**EXERCISE INSTRUCTIONS**.
From the listing below, extract every line containing "lemma".

**SUPPLIED RECORDS**.
◇ ◇ ◇ ◇

lemma pair_mean_split:
  "pair_mean g S c t = g S
     + 2/3 * (if c \<in> S \<and> t \<notin> S then g (insert t S) - g S else 0)
     + 2/3 * (if t \<in> S \<and> c \<notin> S then g (insert c S) - g S else 0)
     + 2/9 * (if c \<in> S \<and> t \<in> S then g (S - {t}) - g S else 0)
     + 2/9 * (if t \<in> S \<and> c \<in> S then g (S - {c}) - g S else 0)"
  unfolding pair_mean_def by (simp add: field_simps)

lemma sum_pair_mean:
  assumes A: "finite A" and S: "S \<subseteq> A"
  shows "(\<Sum>c\<in>A. \<Sum>t\<in>A - {c}. pair_mean g S c t)
       = real (card A) * (real (card A) - 1) * g S
         + 4/3 * real (card S) * (\<Sum>x\<in>A - S. g (insert x S) - g S)
         + 4/9 * (real (card S) - 1) * (\<Sum>x\<in>S. g (S - {x}) - g S)"
proof -
  let ?up = "\<lambda>c t. if c \<in> S \<and> t \<notin> S then g (insert t S) - g S else 0"
  let ?down = "\<lambda>c t. if c \<in> S \<and> t \<in> S then g (S - {t}) - g S else 0"
  have fS: "finite S"
    using A S by (rule finite_subset[rotated])
  have "{c \<in> A. c \<in> S} = S" "{t \<in> A. t \<notin> S} = A - S" "{t \<in> A. t \<in> S} = S"
    using S by auto
  then have up: "(\<Sum>c\<in>A. \<Sum>t\<in>A - {c}. ?up c t) = real (card S) * (\<Sum>x\<in>A - S. g (insert x S) - g S)"
    and down_restricted: "(\<Sum>c\<in>A. \<Sum>t\<in>A - {c}. ?down c t) = (\<Sum>c\<in>S. \<Sum>t\<in>S - {c}. g (S - {t}) - g S)"
    by (simp_all add: sum_offdiag_restrict[OF A] flip: Diff_insert2 cong: sum.cong)
  have "(\<Sum>c\<in>S. \<Sum>t\<in>S - {c}. g (S - {t}) - g S)
      = (\<Sum>c\<in>S. (\<Sum>x\<in>S. g (S - {x}) - g S) - (g (S - {c}) - g S))"
    using fS by (intro sum.cong refl) (simp add: sum_diff1)
  with down_restricted have down: "(\<Sum>c\<in>A. \<Sum>t\<in>A - {c}. ?down c t) = (real (card S) - 1) * (\<Sum>x\<in>S. g (S - {x}) - g S)"
    by (simp only: sum_subtractf sum_constant) (simp add: algebra_simps)
  have "(\<Sum>c\<in>A. \<Sum>t\<in>A - {c}. pair_mean g S c t)
      = (\<Sum>c\<in>A. \<Sum>t\<in>A - {c}. 1::real) * g S
        + 2/3 * (\<Sum>c\<in>A. \<Sum>t\<in>A - {c}. ?up c t) + 2/3 * (\<Sum>c\<in>A. \<Sum>t\<in>A - {c}. ?up t c)
        + 2/9 * (\<Sum>c\<in>A. \<Sum>t\<in>A - {c}. ?down c t) + 2/9 * (\<Sum>c\<in>A. \<Sum>t\<in>A - {c}. ?down t c)"
    unfolding pair_mean_split by (simp add: sum.distrib sum_distrib_left sum_distrib_right)
  also have "\<dots> = real (card A) * (real (card A) - 1) * g S
        + 4/3 * (\<Sum>c\<in>A. \<Sum>t\<in>A - {c}. ?up c t) + 4/9 * (\<Sum>c\<in>A. \<Sum>t\<in>A - {c}. ?down c t)"
    unfolding sum_offdiag_one[OF A] sum_offdiag_swap[OF A, of "\<lambda>c t. ?up t c"] sum_offdiag_swap[OF A, of "\<lambda>c t. ?down t c"]
    by simp
  finally show ?thesis
    unfolding up down by (simp only: mult.assoc)
qed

◇ ◇ ◇ ◇

**ANSWER SECTION**.
lemma pair_mean_split:
lemma sum_pair_mean:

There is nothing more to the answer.